*EXERCISE INSTRUCTIONS*:
Once the line with "P) = lift \<tau>" is found in the entries below, print it and each following line exactly, stopping after the line with "then pushforward (rec_cone"; print nothing else.
◆ ◆ ◆ ◆ ◆ ◆ ◆
lemma rec_part_orbit_part_commute:
  assumes fin: "finite {P. W P \<noteq> 0}"
    and cells: "\<And>P. W P \<noteq> 0 \<Longrightarrow> rat_polyhedron P \<and> P \<noteq> {}"
  shows "rec_part k (orbit_part \<tau> W) = orbit_part \<tau> (rec_part k W)"
proof -
  have fin_restrict: "finite {P. (if Q P then W P else 0) \<noteq> 0}" for Q
    by (rule finite_subset[OF _ fin]) auto
  have cell: "rec_cone (lift \<tau> P) = lift \<tau> (rec_cone P)"
    "aff_dim (lift \<tau> (rec_cone P)) = aff_dim (rec_cone P)"
    if "W P \<noteq> 0" "\<tau> \<subseteq> rec_cone P" for P
    using cells[OF that(1)] that(2) order_trans[OF that(2) span_superset]
    by (simp_all add: rec_cone_lift aff_dim_lift zero_in_rec_cone)
  define V where
    "V P = (if \<tau> \<subseteq> rec_cone P \<and> aff_dim (rec_cone P) = int k then W P else 0)" for P
  have "rec_part k (orbit_part \<tau> W) = (\<lambda>C. if aff_dim C = int k
          then pushforward (rec_cone \<circ> lift \<tau>) (\<lambda>P. if \<tau> \<subseteq> rec_cone P then W P else 0) C
          else 0)"
    unfolding rec_part_eq_pushforward orbit_part_eq_pushforward
    by (subst pushforward_pushforward[OF fin_restrict]) (rule refl)
  also have "\<dots> = pushforward (rec_cone \<circ> lift \<tau>) (\<lambda>P. if aff_dim (rec_cone (lift \<tau> P)) = int k
          then (if \<tau> \<subseteq> rec_cone P then W P else 0) else 0)"
    by (simp add: pushforward_restrict)
  also have "(\<lambda>P. if aff_dim (rec_cone (lift \<tau> P)) = int k
          then (if \<tau> \<subseteq> rec_cone P then W P else 0) else 0) = V"
  proof
    fix P
    show "(if aff_dim (rec_cone (lift \<tau> P)) = int k
          then (if \<tau> \<subseteq> rec_cone P then W P else 0) else 0) = V P"
      by (cases "W P \<noteq> 0 \<and> \<tau> \<subseteq> rec_cone P") (auto simp: V_def cell)
  qed
  also have "pushforward (rec_cone \<circ> lift \<tau>) V = pushforward (lift \<tau> \<circ> rec_cone) V"
    using cell(1) unfolding V_def by (intro pushforward_cong) (auto split: if_splits)
  also have "\<dots> = pushforward (lift \<tau>) (pushforward rec_cone V)"
    unfolding V_def by (rule pushforward_pushforward[OF fin_restrict, symmetric])
  also have "pushforward rec_cone V
      = (\<lambda>C. if \<tau> \<subseteq> rec_cone C \<and> aff_dim C = int k then pushforward rec_cone W C else 0)"
    unfolding pushforward_restrict V_def by (simp add: rec_cone_rec_cone)
  also have "pushforward (lift \<tau>) \<dots> = orbit_part \<tau> (rec_part k W)"
    unfolding orbit_part_eq_pushforward rec_part_eq_pushforward
    by (intro arg_cong[where f = "pushforward (lift \<tau>)"] ext) simp
  finally show ?thesis .
qed

lemma cycle_eq_refl: "cycle_eq k W W"
  unfolding cycle_eq_def by (intro exI[of _ "{}"]) simp

theorem lemma3:
  fixes \<Delta> S :: "(real^'n) set set" and m :: "(real^'n) set \<Rightarrow> int"
    and k :: nat and \<tau> :: "(real^'n) set"
  assumes "complete_unimodular_fan \<Delta>"
    and "tropical_cycle S m k"
    and "compatible \<Delta> S"
    and "\<tau> \<in> \<Delta>"
  shows "cycle_eq k (rec_part k (orbit_part \<tau> (cycle_wt S m k)))
                    (orbit_part \<tau> (rec_part k (cycle_wt S m k)))"
proof -
  have S: "polyhedral_complex S" using assms(2) by (simp add: tropical_cycle_def)
  have support: "{P. cycle_wt S m k P \<noteq> 0} \<subseteq> S"
    by (auto simp: cycle_wt_def split: if_splits)
  have "finite {P. cycle_wt S m k P \<noteq> 0}"
    using S support by (auto simp: polyhedral_complex_def intro: finite_subset)
  moreover have "rat_polyhedron P \<and> P \<noteq> {}" if "cycle_wt S m k P \<noteq> 0" for P
    using S support that by (auto simp: polyhedral_complex_def)
  ultimately show ?thesis by (simp add: rec_part_orbit_part_commute cycle_eq_refl)
qed

end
◆ ◆ ◆ ◆ ◆ ◆ ◆
*REPLY*:
  have cell: "rec_cone (lift \<tau> P) = lift \<tau> (rec_cone P)"
    "aff_dim (lift \<tau> (rec_cone P)) = aff_dim (rec_cone P)"
    if "W P \<noteq> 0" "\<tau> \<subseteq> rec_cone P" for P
    using cells[OF that(1)] that(2) order_trans[OF that(2) span_superset]
    by (simp_all add: rec_cone_lift aff_dim_lift zero_in_rec_cone)
  define V where
    "V P = (if \<tau> \<subseteq> rec_cone P \<and> aff_dim (rec_cone P) = int k then W P else 0)" for P
  have "rec_part k (orbit_part \<tau> W) = (\<lambda>C. if aff_dim C = int k
          then pushforward (rec_cone \<circ> lift \<tau>) (\<lambda>P. if \<tau> \<subseteq> rec_cone P then W P else 0) C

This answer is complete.